Their old-fashioned outlook, their graded snobberies, their mixture of 
bawdiness and hypocrisy, their extreme gentleness, their deeply moral 
attitude to life, are all mirrored there.
The
 gentleness of the English civilization is perhaps its most marked 
characteristic. You notice it the instant you set foot on English soil. 

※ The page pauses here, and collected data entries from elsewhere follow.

lemma summable_nohit:
  assumes "v \<in> V" "x \<in> V"
  shows "summable (\<lambda>t. nohit V E c v t x)"
proof -
  obtain n \<rho> where n: "0 < n" and \<rho>: "0 \<le> \<rho>" "\<rho> < 1"
    and rounds: "\<And>k u. u \<in> V \<Longrightarrow> nohit V E c v (k * n) u \<le> \<rho> ^ k"
    using nohit_geometric_decay[OF assms(1)] by blast
  define \<eta> where "\<eta> = root n ((1 + \<rho>) / 2)"
  have \<eta>: "0 < \<eta>" "\<eta> < 1" "\<rho> \<le> \<eta> ^ n"
    using \<rho> n by (auto simp: \<eta>_def real_root_gt_zero real_root_lt_1_iff real_root_pow_pos2)
  have "norm (nohit V E c v t x) \<le> \<eta> ^ t / \<eta> ^ n" for t
  proof -
    have "t \<le> n * (t div n) + n"
      by (metis n add_le_cancel_left div_mult_mod_eq less_imp_le_nat mod_less_divisor mult.commute)
    then have "\<eta> ^ (n * (t div n) + n) \<le> \<eta> ^ t" using \<eta> by (simp add: power_decreasing)
    have "nohit V E c v t x \<le> nohit V E c v ((t div n) * n) x"
      using nohit_antimono assms(2) by (simp add: div_times_less_eq_dividend)
    also have "\<dots> \<le> \<rho> ^ (t div n)" using rounds assms(2) by blast
    also have "\<dots> \<le> (\<eta> ^ n) ^ (t div n)" using \<rho> \<eta> by (simp add: power_mono)
    also have "\<dots> = \<eta> ^ (n * (t div n) + n) / \<eta> ^ n" using \<eta> by (simp add: power_add power_mult)
    also have "\<dots> \<le> \<eta> ^ t / \<eta> ^ n"
      using \<open>\<eta> ^ (n * (t div n) + n) \<le> \<eta> ^ t\<close> \<eta> by (simp add: divide_right_mono)
    finally show ?thesis using nohit_bounds[OF assms(2)] by simp
  qed
  moreover have "summable (\<lambda>t. \<eta> ^ t / \<eta> ^ n)"
    using \<eta> by (intro summable_divide summable_geometric) simp
  ultimately show ?thesis by (rule summable_comparison_test'[rotated])
qed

It is a land where the bus conductors are good-tempered and the 
policemen carry no revolvers. In no country inhabited by white men is it
 easier to shove people off the pavement. And with this goes something 
that is always written off by European observers as ‘decadence’ or 
hypocrisy, the English hatred of war and militarism. It is rooted deep 
in history, and it is strong in the lower-middle class as well as the 
working class. Successive wars have shaken it but not destroyed it. Well
 within living memory it was common for ‘the redcoats’ to be booed at in
 the streets and for the landlords of respectable public houses to 
refuse to allow soldiers on the premises. In peace time, even when there
 are two million unemployed, it is difficult to fill the ranks of the 
tiny standing army, which is officered by the country gentry and a 
specialized stratum of the middle class, and manned by farm labourers 
and slum proletarians. The mass of the people are without military 
knowledge or tradition, and their attitude towards war is invariably 
defensive. No politician could rise to power by promising them conquests
 or military ‘glory’, no Hymn of Hate has ever made any appeal to them. 
In the last war the songs which the soldiers made up and sang of their 
own accord were not vengeful but humorous and mock-defeatist. The only 
enemy they ever named was the sergeant-major.